I would go with a second run of 0 gauge. Find a distro block that fits what you need as far as inputs/outputs go. 

Sick boat btw...pictures? I would love one but they are just out of my price range. I hope to pick up a Yahama AR212 or 242 in the next year or two.


----------



## Lycancatt (Apr 11, 2010)

using a subwoofer amp to power the tower speakers is probably going to cause issues since its not full range. I truly wish they would let you turn off the crossovers in many class d sub amps, but they usually don't, and I don't think the jl amps are any different?

why are you running two different sub set ups? the ported 12s should be enough for most occasions, and having multiple sub locations will cause cancelation no matter how hard you try.


----------



## knever3 (Mar 9, 2009)

Lycancatt said:


> using a subwoofer amp to power the tower speakers is probably going to cause issues since its not full range. I truly wish they would let you turn off the crossovers in many class d sub amps, but they usually don't, and I don't think the jl amps are any different?
> 
> why are you running two different sub set ups? the ported 12s should be enough for most occasions, and having multiple sub locations will cause cancelation no matter how hard you try.

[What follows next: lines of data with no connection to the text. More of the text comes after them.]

lemma weighted_ellF_pi_gt:
  assumes "k\<^sup>2 < 1" "k \<noteq> 0" "0 < a2" "a2 \<le> a1"
  shows "weighted_ellF a1 a2 k pi > pi * (a1 + a2) / 2"
proof -
  (* the subtracted term is a primitive of the weight a1 - (a1 - a2) sin^2 t *)
  define D where "D t = weighted_ellF a1 a2 k t - (a1 * t - (a1 - a2) * (t / 2 - sin (2 * t) / 4))" for t
  have D_deriv: "(D has_real_derivative (a1 - (a1 - a2) * (sin t)\<^sup>2) * (ellF_integrand k t - 1)) (at t)" for t
  proof -
    have "((\<lambda>t. a1 * t - (a1 - a2) * (t / 2 - sin (2 * t) / 4)) has_real_derivative
            a1 * 1 - (a1 - a2) * (1 / 2 - cos (2 * t) * (2 * 1) / 4)) (at t)"
      by (auto intro!: derivative_eq_intros)
    from DERIV_diff[OF has_real_derivative_weighted_ellF[of k a1 a2, OF assms(1)] this]
    have "(D has_real_derivative (a1 - (a1 - a2) * (sin t)\<^sup>2) * ellF_integrand k t
            - (a1 * 1 - (a1 - a2) * (1 / 2 - cos (2 * t) * (2 * 1) / 4))) (at t)"
      unfolding D_def[abs_def] .
    moreover have "(a1 - (a1 - a2) * (sin t)\<^sup>2) * ellF_integrand k t
            - (a1 * 1 - (a1 - a2) * (1 / 2 - cos (2 * t) * (2 * 1) / 4))
          = (a1 - (a1 - a2) * (sin t)\<^sup>2) * (ellF_integrand k t - 1)"
      unfolding cos_double_sin by (simp add: field_simps)
    ultimately show ?thesis
      by simp
  qed
  have "D 0 < D pi"
  proof (rule DERIV_pos_imp_increasing_open[of 0 pi D])
    fix t :: real
    assume t: "0 < t" "t < pi"
    have "(a1 - a2) * (sin t)\<^sup>2 \<le> a1 - a2"
      by (rule mult_left_le[OF sin_squared_le_1]) (use assms(4) in simp)
    then have "a1 - (a1 - a2) * (sin t)\<^sup>2 > 0"
      using assms(3) by linarith
    moreover have "ellF_integrand k t > 1"
      using sin_gt_zero[OF t] ellF_integrand_gt_1[OF assms(1,2)] by simp
    ultimately have "(a1 - (a1 - a2) * (sin t)\<^sup>2) * (ellF_integrand k t - 1) > 0"
      by simp
    then show "\<exists>y. DERIV D t :> y \<and> y > 0"
      using D_deriv by blast
  next
    show "continuous_on {0..pi} D"
      using D_deriv DERIV_isCont continuous_at_imp_continuous_on by blast
  qed simp
  moreover have "D 0 = 0" and "D pi = weighted_ellF a1 a2 k pi - pi * (a1 + a2) / 2"
    by (simp_all add: D_def weighted_ellF_def field_simps)
  ultimately show ?thesis
    by simp
qed

section \<open>The conformal factor and its primitive\<close>

locale conformal_factor =
  fixes a1 a2 a3 :: real
  assumes a2_pos: "0 < a2" and a2_less_a1: "a2 < a1" and a3_nonneg: "0 \<le> a3"
begin

definition "k = (a1 - a2) / (a1 + a3)"
definition "s = sqrt (a1 + a3)"
definition "T = tor_T a1 a2 a3"
definition "area_density x = 2 * exp (tor_v a1 a2 a3 x)"
(* Substituting x s = ellF k theta turns the integral of the conformal factor into a weighted
   elliptic integral in the amplitude theta. *)
definition "area_primitive x = weighted_ellF a1 a2 k (jam k (x * s)) / s"

lemma k_pos: "0 < k"
  unfolding k_def using a2_less_a1 a2_pos a3_nonneg by simp

lemma k_sq_less_1: "k\<^sup>2 < 1"
proof -
  have "k < 1"
    unfolding k_def using a2_pos a2_less_a1 a3_nonneg by (subst divide_less_eq_1_pos) auto
  then show ?thesis
    using k_pos mult_strict_mono[of k 1 k 1] by (simp add: power2_eq_square)
qed

lemma s_pos: "0 < s"
  unfolding s_def using a2_pos a2_less_a1 a3_nonneg by simp

lemma T_eq: "T = ellF k pi / s"
  unfolding T_def tor_T_def k_def[symmetric] s_def[symmetric]
  using ellF_pi_eq[OF k_sq_less_1] by simp

lemma T_pos: "0 < T"
  unfolding T_eq using ellF_pi_pos[OF k_sq_less_1] s_pos by simp

lemma area_density_eq: "area_density x = a1 - (a1 - a2) * (sin (jam k (x * s)))\<^sup>2"
proof -
  define q where "q = (sin (jam k (x * s)))\<^sup>2"
  have "(a1 - a2) * q \<le> a1 - a2"
    unfolding q_def by (rule mult_left_le[OF sin_squared_le_1]) (use a2_less_a1 in simp)
  then have pos: "a1 - (a1 - a2) * q > 0"
    using a2_pos by linarith
  have "a1 * (1 - (a1 - a2) / a1 * q) = a1 - (a1 - a2) * q"
    using a2_pos a2_less_a1 by (simp add: field_simps)
  then show ?thesis
    unfolding area_density_def tor_v_def jsn_def k_def[symmetric] s_def[symmetric] q_def[symmetric]
    using pos by simp
qed

lemma area_density_bounds: "a2 \<le> area_density x" "area_density x \<le> a1"
proof -
  have "(a1 - a2) * (sin (jam k (x * s)))\<^sup>2 \<le> a1 - a2"
    by (rule mult_left_le[OF sin_squared_le_1]) (use a2_less_a1 in simp)
  then show "a2 \<le> area_density x"
    unfolding area_density_eq by linarith
  have "0 \<le> (a1 - a2) * (sin (jam k (x * s)))\<^sup>2"
    using a2_less_a1 by simp
  then show "area_density x \<le> a1"
    unfolding area_density_eq by linarith
qed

+ it's a mono amp, powering a pair of tower speakers in mono @2ohms isn't the best choice.


----------



## eecyclone (Sep 6, 2016)

the727kid said:


> I would go with a second run of 0 gauge. Find a distro block that fits what you need as far as inputs/outputs go.
> 
> Sick boat btw...pictures? I would love one but they are just out of my price range. I hope to pick up a Yahama AR212 or 242 in the next year or two.


Do you know of any distribution blocks that have 2 1/0 inputs and 5x-6x 4 gauge outputs? The only one's I'm able to find have 4x 4 gauge outputs.

Also, thanks for the compliment! I'll try upload some pictures from my phone later. I'm having an issue with uploading them right now.


----------



## eecyclone (Sep 6, 2016)

Lycancatt said:


> using a subwoofer amp to power the tower speakers is probably going to cause issues since its not full range. I truly wish they would let you turn off the crossovers in many class d sub amps, but they usually don't, and I don't think the jl amps are any different?
> 
> why are you running two different sub set ups? the ported 12s should be enough for most occasions, and having multiple sub locations will cause cancelation no matter how hard you try.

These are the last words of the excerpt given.